Emit an exact copy of the lines running from the start of the records to the line containing "qed (use selected_in_V in auto)", both included.

::: RECORDED DATA :::

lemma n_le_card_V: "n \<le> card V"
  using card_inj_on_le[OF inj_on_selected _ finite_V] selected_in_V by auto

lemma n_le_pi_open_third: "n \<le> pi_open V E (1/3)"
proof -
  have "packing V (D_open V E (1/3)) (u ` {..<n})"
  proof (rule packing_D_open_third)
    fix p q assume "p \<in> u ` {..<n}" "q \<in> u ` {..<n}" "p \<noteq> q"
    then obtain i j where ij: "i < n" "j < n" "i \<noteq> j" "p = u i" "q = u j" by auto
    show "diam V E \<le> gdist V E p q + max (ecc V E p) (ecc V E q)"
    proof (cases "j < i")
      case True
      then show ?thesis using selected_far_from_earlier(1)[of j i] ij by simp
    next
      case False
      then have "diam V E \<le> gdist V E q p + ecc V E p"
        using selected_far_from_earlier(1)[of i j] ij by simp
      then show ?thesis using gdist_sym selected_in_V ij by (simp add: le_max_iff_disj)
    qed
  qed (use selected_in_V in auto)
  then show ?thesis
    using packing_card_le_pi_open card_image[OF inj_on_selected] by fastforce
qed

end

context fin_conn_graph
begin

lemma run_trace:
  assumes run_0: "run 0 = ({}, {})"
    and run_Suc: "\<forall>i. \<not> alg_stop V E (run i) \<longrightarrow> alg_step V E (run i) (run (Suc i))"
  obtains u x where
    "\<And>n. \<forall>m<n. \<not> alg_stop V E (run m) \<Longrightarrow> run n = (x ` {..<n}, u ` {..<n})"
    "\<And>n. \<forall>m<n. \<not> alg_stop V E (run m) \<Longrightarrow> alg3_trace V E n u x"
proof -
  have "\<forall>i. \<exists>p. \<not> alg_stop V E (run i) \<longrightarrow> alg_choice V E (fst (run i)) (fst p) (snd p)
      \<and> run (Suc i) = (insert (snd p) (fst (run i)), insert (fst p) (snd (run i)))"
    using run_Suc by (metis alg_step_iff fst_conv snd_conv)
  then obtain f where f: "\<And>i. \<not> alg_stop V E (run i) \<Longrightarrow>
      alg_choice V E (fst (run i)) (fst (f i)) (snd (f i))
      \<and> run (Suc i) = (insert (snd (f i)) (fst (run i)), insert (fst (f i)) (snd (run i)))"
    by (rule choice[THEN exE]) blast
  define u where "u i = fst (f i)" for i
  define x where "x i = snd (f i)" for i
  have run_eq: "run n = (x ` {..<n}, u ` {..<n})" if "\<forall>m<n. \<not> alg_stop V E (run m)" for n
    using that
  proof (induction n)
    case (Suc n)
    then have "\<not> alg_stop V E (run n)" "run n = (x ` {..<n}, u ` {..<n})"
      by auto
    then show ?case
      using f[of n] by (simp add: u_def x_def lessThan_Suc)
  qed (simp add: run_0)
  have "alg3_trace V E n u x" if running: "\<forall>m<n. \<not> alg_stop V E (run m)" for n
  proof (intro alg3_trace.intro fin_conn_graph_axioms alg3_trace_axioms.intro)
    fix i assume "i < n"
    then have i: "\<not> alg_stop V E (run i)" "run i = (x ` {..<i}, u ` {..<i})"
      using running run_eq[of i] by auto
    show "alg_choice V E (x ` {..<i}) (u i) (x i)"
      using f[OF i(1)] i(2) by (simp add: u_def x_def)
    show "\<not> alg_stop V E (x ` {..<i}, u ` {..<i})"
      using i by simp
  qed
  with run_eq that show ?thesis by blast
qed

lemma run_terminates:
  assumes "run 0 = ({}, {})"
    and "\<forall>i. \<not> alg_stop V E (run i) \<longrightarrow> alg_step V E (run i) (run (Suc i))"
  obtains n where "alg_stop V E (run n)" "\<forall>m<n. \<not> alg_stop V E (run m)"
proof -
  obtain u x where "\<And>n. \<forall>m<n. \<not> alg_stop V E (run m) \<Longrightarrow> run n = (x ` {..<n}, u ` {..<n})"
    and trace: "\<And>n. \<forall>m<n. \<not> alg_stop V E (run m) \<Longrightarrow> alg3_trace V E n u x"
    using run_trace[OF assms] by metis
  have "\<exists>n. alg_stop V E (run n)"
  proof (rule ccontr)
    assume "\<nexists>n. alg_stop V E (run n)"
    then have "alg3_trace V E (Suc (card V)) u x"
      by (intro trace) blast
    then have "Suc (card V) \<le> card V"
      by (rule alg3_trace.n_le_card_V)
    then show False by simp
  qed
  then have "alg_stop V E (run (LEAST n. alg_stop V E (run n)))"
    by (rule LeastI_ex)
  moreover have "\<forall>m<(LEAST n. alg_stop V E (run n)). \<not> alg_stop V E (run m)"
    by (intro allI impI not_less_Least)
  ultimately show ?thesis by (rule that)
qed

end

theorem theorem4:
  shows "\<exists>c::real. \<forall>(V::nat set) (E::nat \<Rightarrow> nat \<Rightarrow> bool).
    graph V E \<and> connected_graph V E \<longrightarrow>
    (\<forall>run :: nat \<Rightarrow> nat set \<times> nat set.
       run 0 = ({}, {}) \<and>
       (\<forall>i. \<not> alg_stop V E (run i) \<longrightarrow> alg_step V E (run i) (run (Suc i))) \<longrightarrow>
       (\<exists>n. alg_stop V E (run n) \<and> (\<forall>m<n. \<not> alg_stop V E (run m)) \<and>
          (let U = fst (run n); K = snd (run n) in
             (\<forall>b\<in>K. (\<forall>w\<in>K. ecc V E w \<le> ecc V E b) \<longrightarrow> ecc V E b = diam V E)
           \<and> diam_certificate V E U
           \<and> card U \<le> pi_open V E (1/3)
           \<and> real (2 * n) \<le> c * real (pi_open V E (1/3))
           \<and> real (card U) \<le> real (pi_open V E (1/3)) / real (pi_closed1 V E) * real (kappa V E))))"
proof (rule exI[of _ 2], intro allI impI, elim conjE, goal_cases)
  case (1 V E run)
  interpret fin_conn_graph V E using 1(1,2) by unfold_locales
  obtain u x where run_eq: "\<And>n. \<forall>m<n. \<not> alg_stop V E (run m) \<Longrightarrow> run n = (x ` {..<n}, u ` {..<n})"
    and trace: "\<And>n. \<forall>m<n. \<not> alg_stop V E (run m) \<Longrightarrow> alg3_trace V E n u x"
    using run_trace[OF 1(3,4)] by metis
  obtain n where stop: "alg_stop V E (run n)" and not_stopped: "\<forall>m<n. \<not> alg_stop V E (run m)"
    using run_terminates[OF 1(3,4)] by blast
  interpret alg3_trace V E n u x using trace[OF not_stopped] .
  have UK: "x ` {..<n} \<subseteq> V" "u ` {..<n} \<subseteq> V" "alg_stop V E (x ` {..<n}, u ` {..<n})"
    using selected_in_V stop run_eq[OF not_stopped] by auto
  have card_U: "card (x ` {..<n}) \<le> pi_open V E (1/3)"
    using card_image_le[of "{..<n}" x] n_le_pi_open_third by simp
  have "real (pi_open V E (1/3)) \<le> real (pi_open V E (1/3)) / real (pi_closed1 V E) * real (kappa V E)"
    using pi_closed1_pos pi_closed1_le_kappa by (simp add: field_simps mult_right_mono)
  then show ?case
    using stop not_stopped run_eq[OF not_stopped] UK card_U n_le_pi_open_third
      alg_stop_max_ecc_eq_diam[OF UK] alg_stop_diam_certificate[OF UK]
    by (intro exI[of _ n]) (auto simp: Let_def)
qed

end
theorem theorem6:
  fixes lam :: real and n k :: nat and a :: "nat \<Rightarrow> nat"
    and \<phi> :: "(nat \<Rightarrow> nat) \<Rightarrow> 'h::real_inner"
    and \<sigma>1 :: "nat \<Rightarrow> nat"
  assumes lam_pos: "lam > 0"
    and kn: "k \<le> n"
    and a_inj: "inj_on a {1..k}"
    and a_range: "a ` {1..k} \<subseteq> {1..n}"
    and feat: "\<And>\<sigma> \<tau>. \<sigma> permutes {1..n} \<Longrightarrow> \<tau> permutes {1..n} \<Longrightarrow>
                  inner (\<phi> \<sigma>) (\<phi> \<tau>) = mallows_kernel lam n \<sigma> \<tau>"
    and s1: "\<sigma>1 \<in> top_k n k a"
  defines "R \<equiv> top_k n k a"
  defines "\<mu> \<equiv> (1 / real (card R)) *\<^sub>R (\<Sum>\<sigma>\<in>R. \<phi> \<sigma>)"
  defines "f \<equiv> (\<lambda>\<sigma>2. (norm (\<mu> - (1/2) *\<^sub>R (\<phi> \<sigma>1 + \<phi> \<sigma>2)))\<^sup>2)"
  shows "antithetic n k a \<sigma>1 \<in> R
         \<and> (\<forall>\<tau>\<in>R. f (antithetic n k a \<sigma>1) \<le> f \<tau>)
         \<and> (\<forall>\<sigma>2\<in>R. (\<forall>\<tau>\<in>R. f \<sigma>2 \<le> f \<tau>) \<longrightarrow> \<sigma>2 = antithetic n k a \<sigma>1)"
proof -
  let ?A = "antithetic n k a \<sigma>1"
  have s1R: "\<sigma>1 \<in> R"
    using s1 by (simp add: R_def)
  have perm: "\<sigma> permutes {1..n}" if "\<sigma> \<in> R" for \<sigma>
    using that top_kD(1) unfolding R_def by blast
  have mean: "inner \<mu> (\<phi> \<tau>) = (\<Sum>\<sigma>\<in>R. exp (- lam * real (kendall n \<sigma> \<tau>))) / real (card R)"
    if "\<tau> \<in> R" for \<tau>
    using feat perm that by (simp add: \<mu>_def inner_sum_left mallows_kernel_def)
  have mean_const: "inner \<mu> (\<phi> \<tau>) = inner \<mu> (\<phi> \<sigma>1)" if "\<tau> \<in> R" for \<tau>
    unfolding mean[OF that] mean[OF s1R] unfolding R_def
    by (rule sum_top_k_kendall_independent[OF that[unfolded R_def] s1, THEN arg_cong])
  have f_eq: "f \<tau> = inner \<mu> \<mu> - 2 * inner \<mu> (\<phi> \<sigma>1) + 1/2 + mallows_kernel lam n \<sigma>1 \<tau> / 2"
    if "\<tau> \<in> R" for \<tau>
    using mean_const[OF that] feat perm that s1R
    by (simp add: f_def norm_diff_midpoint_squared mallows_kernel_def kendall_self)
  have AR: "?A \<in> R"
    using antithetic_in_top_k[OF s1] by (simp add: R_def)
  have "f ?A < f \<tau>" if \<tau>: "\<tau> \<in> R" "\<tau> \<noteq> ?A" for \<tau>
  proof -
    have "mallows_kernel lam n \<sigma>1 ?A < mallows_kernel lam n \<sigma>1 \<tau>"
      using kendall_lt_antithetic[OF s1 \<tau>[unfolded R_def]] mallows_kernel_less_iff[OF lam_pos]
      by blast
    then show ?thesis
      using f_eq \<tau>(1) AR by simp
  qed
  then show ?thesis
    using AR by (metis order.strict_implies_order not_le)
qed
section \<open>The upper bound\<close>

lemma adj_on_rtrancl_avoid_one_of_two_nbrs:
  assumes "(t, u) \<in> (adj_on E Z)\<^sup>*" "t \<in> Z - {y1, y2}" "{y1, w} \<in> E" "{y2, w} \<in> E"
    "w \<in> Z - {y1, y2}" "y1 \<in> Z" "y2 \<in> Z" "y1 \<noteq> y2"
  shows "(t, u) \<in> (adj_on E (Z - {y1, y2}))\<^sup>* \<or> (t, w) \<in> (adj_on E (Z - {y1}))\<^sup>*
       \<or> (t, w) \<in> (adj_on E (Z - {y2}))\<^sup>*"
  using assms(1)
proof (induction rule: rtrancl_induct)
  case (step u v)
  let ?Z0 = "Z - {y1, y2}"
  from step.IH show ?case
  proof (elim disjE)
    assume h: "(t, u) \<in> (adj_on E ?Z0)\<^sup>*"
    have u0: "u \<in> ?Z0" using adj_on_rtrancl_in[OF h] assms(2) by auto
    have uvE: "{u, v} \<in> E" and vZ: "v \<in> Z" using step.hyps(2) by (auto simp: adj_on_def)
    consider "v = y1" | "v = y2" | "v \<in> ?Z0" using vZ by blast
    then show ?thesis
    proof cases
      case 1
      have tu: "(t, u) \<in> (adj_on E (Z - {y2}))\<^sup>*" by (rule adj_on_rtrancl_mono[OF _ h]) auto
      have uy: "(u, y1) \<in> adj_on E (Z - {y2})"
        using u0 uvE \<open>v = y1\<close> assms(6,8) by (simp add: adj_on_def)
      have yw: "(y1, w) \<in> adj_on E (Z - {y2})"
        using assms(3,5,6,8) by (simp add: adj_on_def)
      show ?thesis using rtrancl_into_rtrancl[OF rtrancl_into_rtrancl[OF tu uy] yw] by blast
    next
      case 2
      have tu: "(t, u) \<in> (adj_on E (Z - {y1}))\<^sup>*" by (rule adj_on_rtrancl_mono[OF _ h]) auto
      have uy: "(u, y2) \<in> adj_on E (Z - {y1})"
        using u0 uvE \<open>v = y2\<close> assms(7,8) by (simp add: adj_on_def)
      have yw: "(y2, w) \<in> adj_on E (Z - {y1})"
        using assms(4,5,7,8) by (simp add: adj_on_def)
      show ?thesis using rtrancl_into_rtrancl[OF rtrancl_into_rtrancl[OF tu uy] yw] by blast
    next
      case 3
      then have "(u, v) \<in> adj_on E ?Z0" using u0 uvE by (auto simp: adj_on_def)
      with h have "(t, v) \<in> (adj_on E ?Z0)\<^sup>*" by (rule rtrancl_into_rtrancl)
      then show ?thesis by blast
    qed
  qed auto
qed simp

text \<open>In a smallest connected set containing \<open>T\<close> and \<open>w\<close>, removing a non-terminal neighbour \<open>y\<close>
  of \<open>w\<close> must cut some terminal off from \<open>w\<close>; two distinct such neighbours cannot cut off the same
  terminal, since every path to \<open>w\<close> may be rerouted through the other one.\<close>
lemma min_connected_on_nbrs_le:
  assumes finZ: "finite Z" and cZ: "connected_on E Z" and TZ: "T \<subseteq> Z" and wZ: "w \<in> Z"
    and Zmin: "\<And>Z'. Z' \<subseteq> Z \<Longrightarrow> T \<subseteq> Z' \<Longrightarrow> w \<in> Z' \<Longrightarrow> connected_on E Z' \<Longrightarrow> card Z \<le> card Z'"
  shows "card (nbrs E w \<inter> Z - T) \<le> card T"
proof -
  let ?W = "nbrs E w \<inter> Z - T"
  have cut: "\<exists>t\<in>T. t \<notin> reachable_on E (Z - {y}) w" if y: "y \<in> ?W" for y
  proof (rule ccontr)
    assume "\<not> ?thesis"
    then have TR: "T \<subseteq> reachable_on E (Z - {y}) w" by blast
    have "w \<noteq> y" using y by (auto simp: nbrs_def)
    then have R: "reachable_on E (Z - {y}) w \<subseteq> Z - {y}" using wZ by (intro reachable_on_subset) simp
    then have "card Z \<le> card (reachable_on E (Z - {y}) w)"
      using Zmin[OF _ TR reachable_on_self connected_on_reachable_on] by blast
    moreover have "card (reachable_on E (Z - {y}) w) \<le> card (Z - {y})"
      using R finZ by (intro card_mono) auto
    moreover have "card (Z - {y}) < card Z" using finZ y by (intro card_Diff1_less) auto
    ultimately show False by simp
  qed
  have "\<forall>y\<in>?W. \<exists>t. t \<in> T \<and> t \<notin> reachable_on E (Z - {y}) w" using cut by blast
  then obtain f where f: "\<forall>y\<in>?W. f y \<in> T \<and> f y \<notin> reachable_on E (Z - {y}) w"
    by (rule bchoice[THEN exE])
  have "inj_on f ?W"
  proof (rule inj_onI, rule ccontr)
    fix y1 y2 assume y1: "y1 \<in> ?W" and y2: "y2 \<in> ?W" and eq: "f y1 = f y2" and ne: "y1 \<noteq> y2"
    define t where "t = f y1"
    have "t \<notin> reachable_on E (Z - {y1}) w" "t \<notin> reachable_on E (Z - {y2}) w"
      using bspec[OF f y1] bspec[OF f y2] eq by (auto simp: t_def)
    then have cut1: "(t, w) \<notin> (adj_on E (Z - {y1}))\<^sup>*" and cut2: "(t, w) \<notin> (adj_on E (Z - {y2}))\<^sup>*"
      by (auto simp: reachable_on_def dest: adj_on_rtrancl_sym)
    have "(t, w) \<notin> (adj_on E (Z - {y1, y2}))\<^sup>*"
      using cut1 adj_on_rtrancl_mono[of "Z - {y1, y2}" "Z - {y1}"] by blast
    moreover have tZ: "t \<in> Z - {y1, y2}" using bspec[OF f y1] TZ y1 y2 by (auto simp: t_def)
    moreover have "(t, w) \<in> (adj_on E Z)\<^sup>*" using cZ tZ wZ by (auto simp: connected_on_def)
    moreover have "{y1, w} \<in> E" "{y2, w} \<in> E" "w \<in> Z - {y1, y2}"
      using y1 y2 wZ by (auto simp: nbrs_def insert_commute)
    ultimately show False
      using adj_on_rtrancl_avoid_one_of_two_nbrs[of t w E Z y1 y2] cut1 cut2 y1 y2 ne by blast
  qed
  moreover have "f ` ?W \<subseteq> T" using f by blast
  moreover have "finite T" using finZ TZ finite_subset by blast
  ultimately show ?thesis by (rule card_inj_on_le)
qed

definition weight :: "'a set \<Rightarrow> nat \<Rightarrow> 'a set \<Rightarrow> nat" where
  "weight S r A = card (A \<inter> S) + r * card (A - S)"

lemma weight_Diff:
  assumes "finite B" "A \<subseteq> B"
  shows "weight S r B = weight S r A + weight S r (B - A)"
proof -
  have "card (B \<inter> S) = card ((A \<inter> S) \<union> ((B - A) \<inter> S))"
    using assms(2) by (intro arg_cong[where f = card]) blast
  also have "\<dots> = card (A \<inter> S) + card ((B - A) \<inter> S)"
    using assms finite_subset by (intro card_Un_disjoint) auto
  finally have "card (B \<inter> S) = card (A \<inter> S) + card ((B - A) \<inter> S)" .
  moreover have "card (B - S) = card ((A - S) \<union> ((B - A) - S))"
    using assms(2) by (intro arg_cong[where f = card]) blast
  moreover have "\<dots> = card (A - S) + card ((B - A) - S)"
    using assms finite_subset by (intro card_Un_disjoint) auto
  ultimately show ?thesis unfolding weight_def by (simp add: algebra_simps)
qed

:::

_FINAL ANSWER:_
lemma n_le_card_V: "n \<le> card V"
  using card_inj_on_le[OF inj_on_selected _ finite_V] selected_in_V by auto

lemma n_le_pi_open_third: "n \<le> pi_open V E (1/3)"
proof -
  have "packing V (D_open V E (1/3)) (u ` {..<n})"
  proof (rule packing_D_open_third)
    fix p q assume "p \<in> u ` {..<n}" "q \<in> u ` {..<n}" "p \<noteq> q"
    then obtain i j where ij: "i < n" "j < n" "i \<noteq> j" "p = u i" "q = u j" by auto
    show "diam V E \<le> gdist V E p q + max (ecc V E p) (ecc V E q)"
    proof (cases "j < i")
      case True
      then show ?thesis using selected_far_from_earlier(1)[of j i] ij by simp
    next
      case False
      then have "diam V E \<le> gdist V E q p + ecc V E p"
        using selected_far_from_earlier(1)[of i j] ij by simp
      then show ?thesis using gdist_sym selected_in_V ij by (simp add: le_max_iff_disj)
    qed
  qed (use selected_in_V in auto)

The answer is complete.